→ EXERCISE DESCRIPTION:
Look through the listing below and write out exactly the lines from the line with "proof (intro exI[of" to the line with "p r (\<kappa>", both included, and no others.

→ INPUT DATA:
lemma is_PDA_on_imp_is_PDA:
  assumes fin: "finite Rs" "finite Cs" "finite Ss" and pda: "is_PDA_on Rs Cs Ss Z p"
  shows "\<exists>P. is_PDA (card Cs) (card Rs) Z (card Ss) P"
proof -
  obtain \<rho> where \<rho>: "bij_betw \<rho> {..<card Rs} Rs"
    using ex_bij_betw_nat_finite[OF fin(1)] by (auto simp: atLeast0LessThan)
  obtain \<kappa> where \<kappa>: "bij_betw \<kappa> {..<card Cs} Cs"
    using ex_bij_betw_nat_finite[OF fin(2)] by (auto simp: atLeast0LessThan)
  obtain \<sigma> where \<sigma>: "bij_betw \<sigma> Ss {1..card Ss}"
    using finite_same_card_bij[OF fin(3)] by force
  have \<rho>_in: "\<rho> j \<in> Rs" if "j < card Rs" for j using \<rho> that by (auto dest: bij_betw_apply)
  have \<kappa>_in: "\<kappa> k \<in> Cs" if "k < card Cs" for k using \<kappa> that by (auto dest: bij_betw_apply)
  define P where "P j k = map_option \<sigma> (p (\<rho> j) (\<kappa> k))" for j k
  show ?thesis
    unfolding is_PDA_def
  proof (intro exI[of _ P] conjI allI impI ballI)
    fix j k s assume jk: "j < card Rs" "k < card Cs" and "P j k = Some s"
    then obtain s' where s': "p (\<rho> j) (\<kappa> k) = Some s'" "s = \<sigma> s'" by (auto simp: P_def)
    have "s' \<in> Ss" by (rule is_PDA_on_symbol[OF pda \<rho>_in[OF jk(1)] \<kappa>_in[OF jk(2)] s'(1)])
    then show "s \<in> {1..card Ss}" using bij_betw_apply[OF \<sigma>] s'(2) by simp
  next
    fix k assume "k < card Cs"
    have "card {j. j < card Rs \<and> P j k = None} = card {j\<in>{..<card Rs}. p (\<rho> j) (\<kappa> k) = None}"
      by (simp add: P_def)
    also have "\<dots> = card {r\<in>Rs. p r (\<kappa> k) = None}"
      by (rule bij_betw_card_filter[OF \<rho>])
    also have "\<dots> = Z"
      by (rule is_PDA_on_stars[OF pda \<kappa>_in[OF \<open>k < card Cs\<close>]])
    finally show "card {j. j < card Rs \<and> P j k = None} = Z" .
  next
    fix s assume "s \<in> {1..card Ss}"
    then have "s \<in> \<sigma> ` Ss" using \<sigma> by (simp add: bij_betw_def)
    then obtain s' where "s' \<in> Ss" "\<sigma> s' = s" by blast
    then obtain r c where "r \<in> Rs" "c \<in> Cs" "p r c = Some s'"
      using is_PDA_on_surj[OF pda] by blast
    moreover have "r \<in> \<rho> ` {..<card Rs}" "c \<in> \<kappa> ` {..<card Cs}"
      using \<rho> \<kappa> \<open>r \<in> Rs\<close> \<open>c \<in> Cs\<close> by (simp_all add: bij_betw_def)
    then obtain j k where "j < card Rs" "\<rho> j = r" "k < card Cs" "\<kappa> k = c" by blast
    ultimately show "\<exists>j<card Rs. \<exists>k<card Cs. P j k = Some s"
      using \<open>\<sigma> s' = s\<close> by (auto simp: P_def)
  next
    fix j1 k1 j2 k2 s
    assume j: "j1 < card Rs" "j2 < card Rs" and k: "k1 < card Cs" "k2 < card Cs"
      and H: "(j1, k1) \<noteq> (j2, k2) \<and> P j1 k1 = Some s \<and> P j2 k2 = Some s"
    obtain s1 s2 where s1: "p (\<rho> j1) (\<kappa> k1) = Some s1" and s2: "p (\<rho> j2) (\<kappa> k2) = Some s2"
      and "\<sigma> s1 = \<sigma> s2"
      using H by (auto simp: P_def)
    have "s1 \<in> Ss" "s2 \<in> Ss"
      using is_PDA_on_symbol[OF pda] \<rho>_in \<kappa>_in j k s1 s2 by blast+
    then have "s1 = s2" using inj_onD[OF bij_betw_imp_inj_on[OF \<sigma>] \<open>\<sigma> s1 = \<sigma> s2\<close>] by simp
    have "(\<rho> j1, \<kappa> k1) \<noteq> (\<rho> j2, \<kappa> k2)"
    proof
      assume "(\<rho> j1, \<kappa> k1) = (\<rho> j2, \<kappa> k2)"
      then have "\<rho> j1 = \<rho> j2" "\<kappa> k1 = \<kappa> k2" by simp_all
      then have "j1 = j2" "k1 = k2"
        using inj_onD[OF bij_betw_imp_inj_on[OF \<rho>]] inj_onD[OF bij_betw_imp_inj_on[OF \<kappa>]] j k
        by simp_all
      with H show False by simp
    qed
    then have "\<rho> j1 \<noteq> \<rho> j2 \<and> \<kappa> k1 \<noteq> \<kappa> k2 \<and> p (\<rho> j1) (\<kappa> k2) = None \<and> p (\<rho> j2) (\<kappa> k1) = None"
      using s1 s2 \<open>s1 = s2\<close> \<rho>_in \<kappa>_in j k by (intro is_PDA_on_cross[OF pda]) simp_all
    then show "j1 \<noteq> j2" "k1 \<noteq> k2" "P j1 k2 = None" "P j2 k1 = None"
      by (auto simp: P_def)
  qed
qed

→ ANSWER BOX:
  proof (intro exI[of _ P] conjI allI impI ballI)
    fix j k s assume jk: "j < card Rs" "k < card Cs" and "P j k = Some s"
    then obtain s' where s': "p (\<rho> j) (\<kappa> k) = Some s'" "s = \<sigma> s'" by (auto simp: P_def)
    have "s' \<in> Ss" by (rule is_PDA_on_symbol[OF pda \<rho>_in[OF jk(1)] \<kappa>_in[OF jk(2)] s'(1)])
    then show "s \<in> {1..card Ss}" using bij_betw_apply[OF \<sigma>] s'(2) by simp
  next
    fix k assume "k < card Cs"
    have "card {j. j < card Rs \<and> P j k = None} = card {j\<in>{..<card Rs}. p (\<rho> j) (\<kappa> k) = None}"
      by (simp add: P_def)
    also have "\<dots> = card {r\<in>Rs. p r (\<kappa> k) = None}"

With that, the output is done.